Student Profile: Dy-Jae Pearson
“Making the best of the worst situations is what makes you, you. Coming out of the projects and then making something of myself, like, going to a great college, playing lacrosse, and making something of my life – that’s what makes me, me.”
In summer 2015, award-winning film directors Daniel and Katina Mercadantes profiled Dy-Jae for Dick’s Sporting Goods’ national “Sports Matter” marketing campaign, featuring Harlem Lacrosse. The filmmakers chose to focus their efforts on Dy-Jae because of his charisma, warmth and exceptional life story. His quote above from the Director’s Cut, which featured him exclusively, is his reflection on his life, motivation, and the effect that lacrosse has had on his life. He was 15 years old at the time going into his junior year at Frederick Douglass Academy in Harlem.
About six months later, we asked Dy-Jae to speak at a Harlem Lacrosse event in Baltimore. I again had the privilege of a glimpse into his life, this time through helping him prepare his speech. When he began playing lacrosse halfway through his seventh grade year, many of his teammates had a year and a half of experience and he started off with the sixth grade group. A few months later, the coach gave him a chance to play with the more advanced seventh and eighth graders. The coach told him he would be in the older group from that point on. According to Dy-Jae, it wasn’t what the coach said, but his hard work to get to that point that felt so good at the time.
Dy-Jae continued to develop into one of the best student-athletes on the middle school lacrosse team. He applied to boarding schools as an eighth grader and was accepted to Hun with a full financial aid package.
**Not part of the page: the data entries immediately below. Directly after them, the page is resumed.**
text \<open>The induced representation of \<open>alpha\<close>, with values in the wreath product over the right
  cosets: \<open>g\<close> acts on the cosets from the right (hence by \<open>inv g\<close>), and the cocycle records the
  \<open>H\<close>-parts.\<close>

definition induced_rep ::
  "('a, 'c) monoid_scheme \<Rightarrow> 'a set \<Rightarrow> ('a \<Rightarrow> 'l) \<Rightarrow> 'a \<Rightarrow> ('a set \<Rightarrow> 'a set) \<times> ('a set \<Rightarrow> 'l)" where
  "induced_rep G H alpha g =
     (restrict (\<lambda>C. C #>\<^bsub>G\<^esub> inv\<^bsub>G\<^esub> g) (rcosets\<^bsub>G\<^esub> H),
      restrict (\<lambda>C. alpha (coset_rep G H (C #>\<^bsub>G\<^esub> inv\<^bsub>G\<^esub> g) \<otimes>\<^bsub>G\<^esub> g \<otimes>\<^bsub>G\<^esub> inv\<^bsub>G\<^esub> coset_rep G H C))
        (rcosets\<^bsub>G\<^esub> H))"

lemma induced_rep_subgroup:
  fixes G (structure)
  assumes gG: "group G" and sH: "subgroup H G" and h: "h \<in> H"
  shows "fst (induced_rep G H alpha h) H = H" "snd (induced_rep G H alpha h) H = alpha h"
proof -
  interpret group G by (fact gG)
  have "H #> inv h = H" by (rule subgroup.rcos_const[OF sH gG subgroup.m_inv_closed[OF sH h]])
  then show "fst (induced_rep G H alpha h) H = H" "snd (induced_rep G H alpha h) H = alpha h"
    using subgroup.subgroup_in_rcosets[OF sH gG] subgroup.mem_carrier[OF sH h]
    by (simp_all add: induced_rep_def coset_rep_def)
qed

lemma induced_rep_hom:
  fixes G (structure)
  assumes gG: "group G" and sH: "subgroup H G" and "group L"
    and ah: "alpha \<in> hom (G\<lparr>carrier := H\<rparr>) L"
  shows "induced_rep G H alpha \<in> hom G (wreath (rcosets H) L)"
proof (rule homI)
  interpret group G by (fact gG)
  let ?R = "rcosets H" and ?t = "coset_rep G H"
  have aH: "alpha x \<in> carrier L" if "x \<in> H" for x
    using hom_in_carrier[OF ah, of x] that by simp
  have aM: "alpha (x \<otimes> y) = alpha x \<otimes>\<^bsub>L\<^esub> alpha y" if "x \<in> H" "y \<in> H" for x y
    using hom_mult[OF ah, of x y] that by simp
  fix g assume g: "g \<in> carrier G"
  show "induced_rep G H alpha g \<in> carrier (wreath ?R L)"
    using r_coset_translate_perms[OF gG sH g] aH[OF coset_rep_cocycle[OF gG sH _ g]]
    by (simp add: induced_rep_def carrier_wreath)
  fix g' assume g': "g' \<in> carrier G"
  have e1: "C #> inv (g \<otimes> g') = C #> inv g' #> inv g" if "C \<in> ?R" for C
    using r_coset_mult_assoc[OF gG sH that] g g' by (simp add: inv_mult_group)
  have e2: "alpha (?t (C #> inv (g \<otimes> g')) \<otimes> (g \<otimes> g') \<otimes> inv (?t C))
      = alpha (?t (C #> inv g' #> inv g) \<otimes> g \<otimes> inv (?t (C #> inv g')))
        \<otimes>\<^bsub>L\<^esub> alpha (?t (C #> inv g') \<otimes> g' \<otimes> inv (?t C))" if C: "C \<in> ?R" for C
  proof -
    have C': "C #> inv g' \<in> ?R" by (rule r_coset_in_rcosets[OF gG sH C inv_closed[OF g']])
    define a b c where "a = ?t (C #> inv g' #> inv g)" and "b = ?t (C #> inv g')" and "c = ?t C"
    have abc: "a \<in> carrier G" "b \<in> carrier G" "c \<in> carrier G"
      unfolding a_def b_def c_def
      using coset_rep_carrier[OF gG sH] r_coset_in_rcosets[OF gG sH C' inv_closed[OF g]] C' C by auto
    have "inv b \<otimes> (b \<otimes> (g' \<otimes> inv c)) = g' \<otimes> inv c"
      using abc g' by (simp add: m_assoc[symmetric])
    then have "(a \<otimes> g \<otimes> inv b) \<otimes> (b \<otimes> g' \<otimes> inv c) = a \<otimes> (g \<otimes> g') \<otimes> inv c"
      using abc g g' by (simp add: m_assoc)
    then show ?thesis
      using aM[OF coset_rep_cocycle[OF gG sH C' g] coset_rep_cocycle[OF gG sH C g']] e1[OF C]
      by (simp add: a_def b_def c_def)
  qed
  show "induced_rep G H alpha (g \<otimes> g') = induced_rep G H alpha g \<otimes>\<^bsub>wreath ?R L\<^esub> induced_rep G H alpha g'"
    unfolding induced_rep_def mult_wreath fst_conv snd_conv prod.inject
    using e1 e2 r_coset_in_rcosets[OF gG sH _ inv_closed[OF g']]
    by (intro conjI restrict_ext) simp_all
qed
All of the hard work had paid off – avoiding the pitfalls of his old friends in Brooklyn, adjusting to a new environment and school, fighting through scraped knees and elbows on the handball court. But in August his mom decided that he was too young to live away from home and also needed to help take care of the younger family members. Dy-Jae would remain at FDA while many of his friends who he worked so hard to catch up to went off to their new schools.
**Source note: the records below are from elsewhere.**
lemma tpqr_sphere_transverse_zero_level:
  fixes a M \<rho> :: real
  assumes p: "p \<ge> 2" "q \<ge> 2" "r \<ge> 2" and S: "1 / p + 1 / q + 1 / r \<le> 1"
    and M: "real p \<le> M" "real q \<le> M" "real r \<le> M" and a: "a > 12 * M"
    and "0 < \<rho>" "\<rho> \<le> 6/5"
  shows "sphere_transverse (tpqr p q r a) 0 \<rho>"
  unfolding sphere_transverse_def
proof
  fix x assume x: "x \<in> tpqr p q r a -` {0} \<inter> sphere 0 \<rho>"
  then have "x \<noteq> 0" using \<open>0 < \<rho>\<close> by auto
  have "(norm x)^2 \<le> (6/5)^2" using x \<open>0 < \<rho>\<close> \<open>\<rho> \<le> 6/5\<close> by (simp add: power_mono)
  then have sq: "0 < (cmod (x$1))^2 + (cmod (x$2))^2 + (cmod (x$3))^2"
    "(cmod (x$1))^2 + (cmod (x$2))^2 + (cmod (x$3))^2 \<le> 36/25"
    using \<open>x \<noteq> 0\<close> by (simp_all add: norm_vec3_square[symmetric] power_divide)
  show "transversal_at (tpqr p q r a) x"
    by (rule tpqr_transversal_at[OF \<open>x \<noteq> 0\<close>])
       (use lagrange_point_off_zero_level[OF p S M a _ _ _ sq] x in \<open>auto simp: tpqr_def\<close>)
qed

lemma tpqr_sphere_transverse_unit_sphere:
  fixes a M :: real
  assumes p: "p \<ge> 2" "q \<ge> 2" "r \<ge> 2" and S: "1 / p + 1 / q + 1 / r \<le> 1"
    and M: "real p \<le> M" "real q \<le> M" "real r \<le> M" and a: "a > 12 * M"
    and "cmod s < 1"
  shows "sphere_transverse (tpqr p q r a) s 1"
  unfolding sphere_transverse_def
proof
  fix x assume x: "x \<in> tpqr p q r a -` {s} \<inter> sphere 0 1"
  then have "x \<noteq> 0" by auto
  have sq: "(cmod (x$1))^2 + (cmod (x$2))^2 + (cmod (x$3))^2 = 1"
    using x by (simp add: norm_vec3_square[symmetric])
  show "transversal_at (tpqr p q r a) x"
    by (rule tpqr_transversal_at[OF \<open>x \<noteq> 0\<close>])
       (use lagrange_point_on_unit_sphere[OF p S M a _ _ _ sq] x \<open>cmod s < 1\<close> in \<open>auto simp: tpqr_def\<close>)
qed

lemma reciprocal_sum_le_one_imp_ge_two:
  fixes p q r :: nat
  assumes "p > 0" "q > 0" "r > 0" "1 / p + 1 / q + 1 / r \<le> 1"
  shows "p \<ge> 2"
proof (rule ccontr)
  assume "\<not> p \<ge> 2"
  with \<open>p > 0\<close> have "p = 1" by simp
  with assms(4) have "1 / real q + 1 / real r \<le> 0" by simp
  moreover have "1 / real q + 1 / real r > 0" using \<open>q > 0\<close> \<open>r > 0\<close> by (simp add: add_pos_pos)
  ultimately show False by simp
qed

theorem lemma1p8:
  fixes p q r :: nat and a :: real and t :: complex
  assumes "p > 0" "q > 0" "r > 0"
    and "1 / real p + 1 / real q + 1 / real r \<le> 1"
    and "a > 12 * real (max p (max q r))"
    and "0 < cmod t" "cmod t < 1"
  shows "is_milnor_fiber
           (\<lambda>x::complex^3. (x$1)^p + (x$2)^q + (x$3)^r + complex_of_real a * (x$1) * (x$2) * (x$3))
           ((\<lambda>x::complex^3. (x$1)^p + (x$2)^q + (x$3)^r + complex_of_real a * (x$1) * (x$2) * (x$3)) -` {t}
              \<inter> cball 0 1)"
proof -
  define M where "M = real (max p (max q r))"
  have M: "real p \<le> M" "real q \<le> M" "real r \<le> M" and a: "a > 12 * M"
    using assms(5) by (auto simp: M_def)
  note S = assms(4)
  have p: "p \<ge> 2" "q \<ge> 2" "r \<ge> 2"
    using reciprocal_sum_le_one_imp_ge_two[of p q r] reciprocal_sum_le_one_imp_ge_two[of q p r]
      reciprocal_sum_le_one_imp_ge_two[of r p q] assms(1-4) by (simp_all add: ac_simps)
  have "ereal (6/5) \<le> milnor_radius (tpqr p q r a)"
    by (rule milnor_radius_ge) (simp_all add: tpqr_sphere_transverse_zero_level[OF p S M a])
  then have "ereal 1 < milnor_radius (tpqr p q r a)"
    by (rule order.strict_trans2[rotated]) simp
  then have "is_milnor_fiber (tpqr p q r a) (tpqr p q r a -` {t} \<inter> cball 0 1)"
    using assms(6,7)
    by (intro is_milnor_fiber_level_set) (auto intro: tpqr_sphere_transverse_unit_sphere[OF p S M a])
  then show ?thesis by (simp only: tpqr_def)
qed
Dy-Jae was crushed and had every reason to quit. He almost did. His first three semesters of high school were so rough that he was academically ineligible for his sophomore lacrosse season. At some point he recommitted to making the most of the opportunities he did have. Maybe it was when he realized he had already made it through the most important crossroads of his life after he went back to visit his old neighborhood in Brooklyn to find out that many of his old friends were in gangs or in jail. One of the kids he hung out with was in the hospital after being shot, again a casualty from the crossfire of a shootout.
The next marking period he had an 80% average and from that point forward he maintained a laser focus on becoming an elite student-athlete. His academic performance has only improved and he became the unquestioned leader, heart and soul of the entire Harlem Lacrosse program.
Fast forward 2 years, Dy-Jae played his first season of competitive football and garnered recruiting attention from Division 1 football programs. He was named captain of the Frederick Douglass Academy varsity lacrosse team, led the team to win the New York City championship, and earned All-American honors. He gained acceptance to Blair Academy, an elite independent boarding school, for a postgraduate year to continue his academic and athletic development. By the end of the summer, he was a highly sought-after lacrosse recruit. During his Fall football season at Blair, he committed to play both varsity football and varsity lacrosse at Bryant University, becoming the first Harlem Lacrosse student-athlete to participate in Division 1 athletics.
We were fortunate on March 9th to bring 60 students, 5 coaches and 8 family members from Harlem to Long Island to watch Dy-Jae and Bryant Men's Lacrosse play Stony Brook to a closely contested one-goal game.
Dy-Jae took several runs as a long stick midfielder over the course of the game. He made a great play to clear the ball to his team’s offensive end right as we were all being seated. That generated some great energy from Dy-Jae’s cheering section right behind the Bryant bench that lasted the entire game.
After the game, the current HL student-athletes swarmed Dy-Jae as he walked from the team’s locker room to the bus and posed for a group photo. Before he left, Dy-Jae had a quick message for the group:
“I come from the same place as all of you. If you keep working, good things will come to you too.”
It is fitting that Dy-Jae is the student-athlete who represents Harlem Lacrosse, and ultimately, as is the commercial’s intention, represents what youth sports in America should be.